• _Task to carry out_: Write out, as an exact transcription, the line that has "fm) \<le> (1" and each line after it through the end of the data below.
----
lemma eff_mech_fun_upd_le_odds:
  assumes "i < n" "t \<in> {0<..<1}" "\<And>k. k \<in> {..<n} - {i} \<Longrightarrow> y k \<in> {0<..<1}"
  shows "(1 - t) * eff_mech n (y(i := t)) \<le> t * ((\<Prod>k\<in>{..<n} - {i}. odds (y k)) * eff_mech n (y(i := t)))"
proof (cases "1 \<le> LR n (y(i := t))")
  case True
  then have "1 \<le> t / (1 - t) * (\<Prod>k\<in>{..<n} - {i}. odds (y k))"
    using LR_fun_upd[OF assms(1,3)] by simp
  then have "1 - t \<le> t * (\<Prod>k\<in>{..<n} - {i}. odds (y k))"
    using assms(2) by (simp add: field_simps)
  then show ?thesis using True by (simp add: eff_mech_def)
qed (simp add: eff_mech_def)

lemma mechanism_fun_upd_measurable:
  assumes "is_mechanism n x" "{..<n} = J \<union> {i}"
  shows "(\<lambda>s. x (s(i := t))) \<in> borel_measurable (PiM J (\<lambda>_. lborel))"
  by (rule measurable_fun_upd_const[OF _ assms(2)]) (use assms(1) in \<open>simp_all add: is_mechanism_def\<close>)

lemma integrable_profM_mechanism:
  "prob_space (sigM f) \<Longrightarrow> is_mechanism n x \<Longrightarrow> integrable (profM n f) x"
  unfolding profM_def by (rule integrable_PiM_sigM) (simp_all add: is_mechanism_def)

lemma integral_profM_fun_upd:
  assumes "prob_space (sigM f)" "is_mechanism n x" "i < n"
  shows "(\<integral>s. x (s(i := t)) \<partial>profM n f) = (\<integral>y. x (y(i := t)) \<partial>PiM ({..<n} - {i}) (\<lambda>_. sigM f))"
proof -
  interpret product_prob_space "\<lambda>_. sigM f" "{..<n}"
    by (rule product_prob_space_sigM[OF assms(1)])
  have "integrable (profM n f) (\<lambda>s. x (s(i := t)))"
    unfolding profM_def
    by (rule integrable_PiM_sigM[OF assms(1) mechanism_fun_upd_measurable[OF assms(2)]])
      (use assms(2,3) in \<open>auto simp: is_mechanism_def\<close>)
  then show ?thesis
    unfolding profM_def by (rule integral_PiM_fun_upd_const[rotated 2]) (use assms(3) in simp_all)
qed

locale normalized_signals =
  fixes fp fm :: "real \<Rightarrow> real"
  assumes borel_measurable_fp [measurable]: "fp \<in> borel_measurable borel"
    and borel_measurable_fm [measurable]: "fm \<in> borel_measurable borel"
    and fp_nonneg: "\<And>t. 0 \<le> fp t" and fm_nonneg: "\<And>t. 0 \<le> fm t"
    and densities_vanish: "\<And>t. t \<notin> {0..1} \<Longrightarrow> fp t = 0 \<and> fm t = 0"
    and fp_prob: "(\<integral>\<^sup>+ t. ennreal (fp t) \<partial>lborel) = 1"
    and fm_prob: "(\<integral>\<^sup>+ t. ennreal (fm t) \<partial>lborel) = 1"
    and normalized: "AE t in lborel. fp t + fm t > 0 \<longrightarrow> t = fp t / (fp t + fm t)"
begin

lemma prob_space_fp: "prob_space (sigM fp)"
  by (rule prob_space_sigM[OF borel_measurable_fp fp_prob])

lemma prob_space_fm: "prob_space (sigM fm)"
  by (rule prob_space_sigM[OF borel_measurable_fm fm_prob])

lemma fm_mult_odds_AE: "AE u in lborel. fm u * odds u = fp u"
  using normalized AE_lborel_singleton[of 0] AE_lborel_singleton[of 1]
proof eventually_elim
  case (elim u)
  show ?case
  proof (cases "u \<in> {0<..<1}")
    case False
    with elim have "u \<notin> {0..1}" by auto
    then show ?thesis using densities_vanish[of u] by (simp add: odds_def)
  next
    case u: True
    show ?thesis
    proof (cases "fp u + fm u > 0")
      case True
      with elim have "u * (fp u + fm u) = fp u" by (simp add: field_simps)
      then have "fm u * u = fp u * (1 - u)" by (simp add: algebra_simps)
      then show ?thesis using u by (simp add: odds_def field_simps)
    next
      case False
      then have "fp u = 0" "fm u = 0" using fp_nonneg[of u] fm_nonneg[of u] by linarith+
      then show ?thesis by simp
    qed
  qed
qed

lemma sigM_fp_eq_density: "sigM fp = density (sigM fm) (\<lambda>u. ennreal (odds u))"
proof -
  have "density (sigM fm) (\<lambda>u. ennreal (odds u)) = density lborel (\<lambda>u. ennreal (fm u) * ennreal (odds u))"
    unfolding sigM_def by (rule density_density_eq) simp_all
  also have "\<dots> = density lborel (\<lambda>u. ennreal (fp u))"
    using fm_mult_odds_AE
    by (intro density_cong) (auto elim!: AE_mp simp: ennreal_mult[symmetric] fm_nonneg odds_nonneg)
  finally show ?thesis by (simp add: sigM_def)
qed

lemma PiM_sigM_fp_eq_density:
  assumes "finite I"
  shows "PiM I (\<lambda>_. sigM fp) = density (PiM I (\<lambda>_. sigM fm)) (\<lambda>s. ennreal (\<Prod>k\<in>I. odds (s k)))"
proof -
  have "PiM I (\<lambda>_. sigM fp) = density (PiM I (\<lambda>_. sigM fm)) (\<lambda>s. \<Prod>k\<in>I. ennreal (odds (s k)))"
    unfolding sigM_fp_eq_density
    by (intro PiM_density assms)
      (use prob_space_fm prob_space_fp sigM_fp_eq_density prob_space_imp_sigma_finite in auto)
  also have "(\<lambda>s. \<Prod>k\<in>I. ennreal (odds (s k))) = (\<lambda>s. ennreal (\<Prod>k\<in>I. odds (s k)))"
    by (simp add: prod_ennreal odds_nonneg)
  finally show ?thesis .
qed

lemma AE_profM_fp_if_AE_fm:
  assumes "AE s in profM n fm. P s"
  shows "AE s in profM n fp. P s"
proof -
  have "(\<lambda>s. ennreal (\<Prod>k\<in>{..<n}. odds (s k))) \<in> borel_measurable (PiM {..<n} (\<lambda>_. sigM fm))"
    by measurable
  with assms show ?thesis
    unfolding profM_def PiM_sigM_fp_eq_density[OF finite_lessThan]
    by (simp add: AE_density eventually_mono)
qed

lemma integral_PiM_sigM_fp_eq_odds:
  assumes "finite I" "g \<in> borel_measurable (PiM I (\<lambda>_. lborel))" "\<And>s. 0 \<le> g s \<and> g s \<le> 1"
  shows "integrable (PiM I (\<lambda>_. sigM fm)) (\<lambda>s. (\<Prod>k\<in>I. odds (s k)) * g s)"
    and "(\<integral>s. g s \<partial>PiM I (\<lambda>_. sigM fp)) = (\<integral>s. (\<Prod>k\<in>I. odds (s k)) * g s \<partial>PiM I (\<lambda>_. sigM fm))"
proof -
  have g: "g \<in> borel_measurable (PiM I (\<lambda>_. sigM fm))"
    using assms(2) by (simp add: borel_measurable_PiM_sigM)
  have Q: "(\<lambda>s. \<Prod>k\<in>I. odds (s k)) \<in> borel_measurable (PiM I (\<lambda>_. sigM fm))"
    by measurable
  have Q_nonneg: "0 \<le> (\<Prod>k\<in>I. odds (s k))" for s
    by (simp add: prod_nonneg odds_nonneg)
  have "integrable (PiM I (\<lambda>_. sigM fp)) g"
    by (rule integrable_PiM_sigM[OF prob_space_fp assms(2,3)])
  then show "integrable (PiM I (\<lambda>_. sigM fm)) (\<lambda>s. (\<Prod>k\<in>I. odds (s k)) * g s)"
    unfolding PiM_sigM_fp_eq_density[OF assms(1)]
    by (subst (asm) integrable_density) (use g Q Q_nonneg in auto)
  show "(\<integral>s. g s \<partial>PiM I (\<lambda>_. sigM fp)) = (\<integral>s. (\<Prod>k\<in>I. odds (s k)) * g s \<partial>PiM I (\<lambda>_. sigM fm))"
    unfolding PiM_sigM_fp_eq_density[OF assms(1)]
    by (subst integral_density) (use g Q Q_nonneg in auto)
qed

lemma participation_eff_mech:
  assumes i: "i < n"
  shows "participation fp fm n (eff_mech n) i"
  unfolding participation_def interim_payoff_def
proof
  fix t :: real assume t: "t \<in> {0<..<1}"
  define J where "J = {..<n} - {i}"
  define \<phi> where "\<phi> y = eff_mech n (y(i := t))" for y
  define Q where "Q y = (\<Prod>k\<in>J. odds (y k))" for y
  have J: "finite J" "{..<n} = J \<union> {i}" using i by (auto simp: J_def)
  have \<phi>_measurable: "\<phi> \<in> borel_measurable (PiM J (\<lambda>_. lborel))"
    unfolding \<phi>_def by (rule mechanism_fun_upd_measurable[OF is_mechanism_eff_mech J(2)])
  have \<phi>_unit: "0 \<le> \<phi> y \<and> \<phi> y \<le> 1" for y
    by (simp add: \<phi>_def eff_mech_def)
  have "(\<integral>y. (1 - t) * \<phi> y \<partial>PiM J (\<lambda>_. sigM fm)) \<le> (\<integral>y. t * (Q y * \<phi> y) \<partial>PiM J (\<lambda>_. sigM fm))"
  proof (rule integral_mono_AE)
    have "AE y in PiM J (\<lambda>_. sigM fm). \<forall>k\<in>J. y k \<in> {0<..<1}"
      by (rule AE_PiM_sigM_unit_interval[OF prob_space_fm borel_measurable_fm _ J(1)])
        (use densities_vanish in blast)
    then show "AE y in PiM J (\<lambda>_. sigM fm). (1 - t) * \<phi> y \<le> t * (Q y * \<phi> y)"
    proof eventually_elim
      case (elim y)
      show ?case
        unfolding \<phi>_def Q_def J_def
        by (rule eff_mech_fun_upd_le_odds[OF i t]) (use elim in \<open>simp add: J_def\<close>)
    qed
  qed (use integrable_PiM_sigM[OF prob_space_fm \<phi>_measurable \<phi>_unit]
      integral_PiM_sigM_fp_eq_odds(1)[OF J(1) \<phi>_measurable \<phi>_unit] in \<open>simp_all add: Q_def\<close>)
  moreover have "(\<integral>y. \<phi> y \<partial>PiM J (\<lambda>_. sigM fp)) = (\<integral>y. Q y * \<phi> y \<partial>PiM J (\<lambda>_. sigM fm))"
    unfolding Q_def by (rule integral_PiM_sigM_fp_eq_odds(2)[OF J(1) \<phi>_measurable \<phi>_unit])
  ultimately have "(1 - t) * (\<integral>y. \<phi> y \<partial>PiM J (\<lambda>_. sigM fm)) \<le> t * (\<integral>y. \<phi> y \<partial>PiM J (\<lambda>_. sigM fp))"
    by simp
  then show "0 \<le> t * (\<integral>s. eff_mech n (s(i := t)) \<partial>profM n fp)
      - (1 - t) * (\<integral>s. eff_mech n (s(i := t)) \<partial>profM n fm)"
    unfolding integral_profM_fun_upd[OF prob_space_fp is_mechanism_eff_mech i]
      integral_profM_fun_upd[OF prob_space_fm is_mechanism_eff_mech i]
    by (simp add: \<phi>_def J_def)
qed

lemma participation_imp_interim_bound:
  assumes "is_mechanism n x" "participation fp fm n x i" "i < n" "t \<in> {0<..<1}"
  shows "(1 - t) * (\<integral>s. x (s(i := t)) \<partial>profM n fm) \<le> t"
proof -
  interpret prob_space "profM n fp"
    by (rule prob_space_profM[OF prob_space_fp])
  have "{..<n} = {..<n} \<union> {i}" using assms(3) by auto
  from mechanism_fun_upd_measurable[OF assms(1) this]
  have "integrable (profM n fp) (\<lambda>s. x (s(i := t)))"
    unfolding profM_def by (rule integrable_PiM_sigM[OF prob_space_fp])
      (use assms(1) in \<open>simp add: is_mechanism_def\<close>)
  then have "(\<integral>s. x (s(i := t)) \<partial>profM n fp) \<le> 1"
    by (rule integral_le_const) (use assms(1) in \<open>simp add: is_mechanism_def\<close>)
  then have "t * (\<integral>s. x (s(i := t)) \<partial>profM n fp) \<le> t"
    using assms(4) by (simp add: mult_left_le)
  moreover have "0 \<le> t * (\<integral>s. x (s(i := t)) \<partial>profM n fp) - (1 - t) * (\<integral>s. x (s(i := t)) \<partial>profM n fm)"
    using assms(2,4) unfolding participation_def interim_payoff_def by blast
  ultimately show ?thesis by linarith
qed

lemma integral_inefficient_part_eq_0:
  assumes x: "is_mechanism n x" "participation fp fm n x i" "EPIC n x i" and i: "i < n"
  shows "(\<integral>s. inefficient_part n x s \<partial>profM n fm) = 0"
proof -
  let ?h = "inefficient_part n x"
  have h_integrable: "integrable (profM n fm) ?h"
    unfolding profM_def
    by (rule integrable_PiM_sigM[OF prob_space_fm inefficient_part_measurable[OF x(1)]
          inefficient_part_unit[OF x(1)]])
  have "(1 - t) * (\<integral>s. ?h s \<partial>profM n fm) \<le> t" if t: "t \<in> {0<..<1}" for t
  proof -
    have "integrable (profM n fm) (\<lambda>s. x (s(i := t)))"
      unfolding profM_def
      by (rule integrable_PiM_sigM[OF prob_space_fm mechanism_fun_upd_measurable[OF x(1)]])
        (use i x(1) in \<open>auto simp: is_mechanism_def\<close>)
    with h_integrable have "(\<integral>s. ?h s \<partial>profM n fm) \<le> (\<integral>s. x (s(i := t)) \<partial>profM n fm)"
      by (rule integral_mono) (use inefficient_part_le_misreport[OF x(1,3) _ t] in \<open>simp add: profM_def\<close>)
    then have "(1 - t) * (\<integral>s. ?h s \<partial>profM n fm) \<le> (1 - t) * (\<integral>s. x (s(i := t)) \<partial>profM n fm)"
      using t by (intro mult_left_mono) auto
    with participation_imp_interim_bound[OF x(1,2) i t] show ?thesis by linarith
  qed
  then have "(\<integral>s. ?h s \<partial>profM n fm) \<le> 0"
    by (rule nonpos_if_one_minus_mult_le)
  moreover have "0 \<le> (\<integral>s. ?h s \<partial>profM n fm)"
    using inefficient_part_unit[OF x(1)] by (simp add: integral_nonneg)
  ultimately show ?thesis by linarith
qed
----
• _Task result_:
    then have "(1 - t) * (\<integral>s. ?h s \<partial>profM n fm) \<le> (1 - t) * (\<integral>s. x (s(i := t)) \<partial>profM n fm)"
      using t by (intro mult_left_mono) auto
    with participation_imp_interim_bound[OF x(1,2) i t] show ?thesis by linarith
  qed
  then have "(\<integral>s. ?h s \<partial>profM n fm) \<le> 0"
    by (rule nonpos_if_one_minus_mult_le)
  moreover have "0 \<le> (\<integral>s. ?h s \<partial>profM n fm)"
    using inefficient_part_unit[OF x(1)] by (simp add: integral_nonneg)
  ultimately show ?thesis by linarith
qed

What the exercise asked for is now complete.